Set down exactly each line of the entries below, beginning at the one that contains "using F F' G by (auto simp: faces_def)" and ending at the last, and no others.
(Beginning of Dataset excerpts)
lemma abs_Q_up_eigenvalue_le:
  assumes "finite K"
    and pos: "\<And>F. F \<in> faces i K \<Longrightarrow> 0 < v F"
    and v_eig: "\<And>F. F \<in> faces i K \<Longrightarrow> Q_up i K v F = \<rho> * v F"
    and "Q_up_eigenvalue i K \<mu>"
  shows "\<bar>\<mu>\<bar> \<le> \<rho>"
proof -
  obtain f where "\<exists>F\<in>faces i K. f F \<noteq> 0"
    and f_eig: "\<And>F. F \<in> faces i K \<Longrightarrow> Q_up i K f F = \<mu> * f F"
    using \<open>Q_up_eigenvalue i K \<mu>\<close> unfolding Q_up_eigenvalue_def by blast
  then obtain F1 where F1: "F1 \<in> faces i K" "f F1 \<noteq> 0" by blast
  let ?ratio = "\<lambda>F. \<bar>f F\<bar> / v F"
  have fin: "finite (faces i K)" and "faces i K \<noteq> {}"
    using finite_faces[OF \<open>finite K\<close>] F1(1) by auto
  then obtain F0 where F0: "F0 \<in> faces i K" and F0_max: "Max (?ratio ` faces i K) = ?ratio F0"
    by (rule obtains_MAX)
  have max: "?ratio F \<le> ?ratio F0" if "F \<in> faces i K" for F
    unfolding F0_max[symmetric] using fin that by simp
  define c where "c = ?ratio F0"
  have "0 < ?ratio F1" using F1 pos[OF F1(1)] by simp
  then have "0 < c" using max[OF F1(1)] unfolding c_def by linarith
  have f_F0: "\<bar>f F0\<bar> = c * v F0" using pos[OF F0] unfolding c_def by simp
  have "\<bar>\<mu>\<bar> * \<bar>f F0\<bar> = \<bar>Q_up i K f F0\<bar>" using f_eig[OF F0] by (simp add: abs_mult)
  also have "\<dots> \<le> Q_up i K (\<lambda>x. \<bar>f x\<bar>) F0" by (rule abs_Q_up_le)
  also have "\<dots> \<le> Q_up i K (\<lambda>x. c * v x) F0"
  proof (rule Q_up_mono[OF _ F0])
    fix F assume "F \<in> faces i K"
    then show "\<bar>f F\<bar> \<le> c * v F" using max pos unfolding c_def by (simp add: divide_le_eq)
  qed
  also have "\<dots> = \<rho> * \<bar>f F0\<bar>" by (simp add: Q_up_scale v_eig[OF F0] f_F0)
  finally show ?thesis using \<open>0 < c\<close> pos[OF F0] f_F0 by simp
qed

lemma q_up_eq_positive_eigenvalue:
  assumes "finite K" and "faces i K \<noteq> {}"
    and pos: "\<And>F. F \<in> faces i K \<Longrightarrow> 0 < v F"
    and v_eig: "\<And>F. F \<in> faces i K \<Longrightarrow> Q_up i K v F = \<rho> * v F"
  shows "q_up i K = \<rho>"
proof -
  define f where "f F = (if F \<in> faces i K then v F else 0)" for F
  have "Q_up i K f F = \<rho> * f F" if "F \<in> faces i K" for F
    using v_eig[OF that] Q_up_cong[of i K f v F] that by (simp add: f_def)
  then have "Q_up_eigenvalue i K \<rho>"
    unfolding Q_up_eigenvalue_def using assms(2) pos by (intro exI[of _ f]) (auto simp: f_def)
  moreover have "\<mu> \<le> \<rho>" if "Q_up_eigenvalue i K \<mu>" for \<mu>
    using abs_Q_up_eigenvalue_le[OF assms(1) pos v_eig that] by simp
  ultimately show ?thesis
    unfolding q_up_def by (intro Max_eqI finite_Q_up_eigenvalues[OF assms(1)]) auto
qed

lemma union_eq_coface:
  assumes F: "F \<in> faces i K" and F': "F' \<in> faces i K" and "F' \<noteq> F"
    and G: "G \<in> faces (Suc i) K" and "F \<subseteq> G" "F' \<subseteq> G"
  shows "F \<union> F' = G"
proof (rule card_seteq)
  have fin: "finite F" "finite F'" "finite G"
    and card: "card F = Suc i" "card F' = Suc i" "card G = Suc (Suc i)"
    using F F' G by (auto simp: faces_def)
  show "finite G" by (fact fin(3))
  show "F \<union> F' \<subseteq> G" using assms by blast
  have "\<not> F' \<subseteq> F" using card_subset_eq[OF fin(1)] card \<open>F' \<noteq> F\<close> by metis
  then have "card F < card (F \<union> F')" using fin by (intro psubset_card_mono) auto
  then show "card G \<le> card (F \<union> F')" using card by simp
qed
(End of Dataset excerpts)
### [Finished exercise]
    using F F' G by (auto simp: faces_def)
  show "finite G" by (fact fin(3))
  show "F \<union> F' \<subseteq> G" using assms by blast
  have "\<not> F' \<subseteq> F" using card_subset_eq[OF fin(1)] card \<open>F' \<noteq> F\<close> by metis
  then have "card F < card (F \<union> F')" using fin by (intro psubset_card_mono) auto
  then show "card G \<le> card (F \<union> F')" using card by simp
qed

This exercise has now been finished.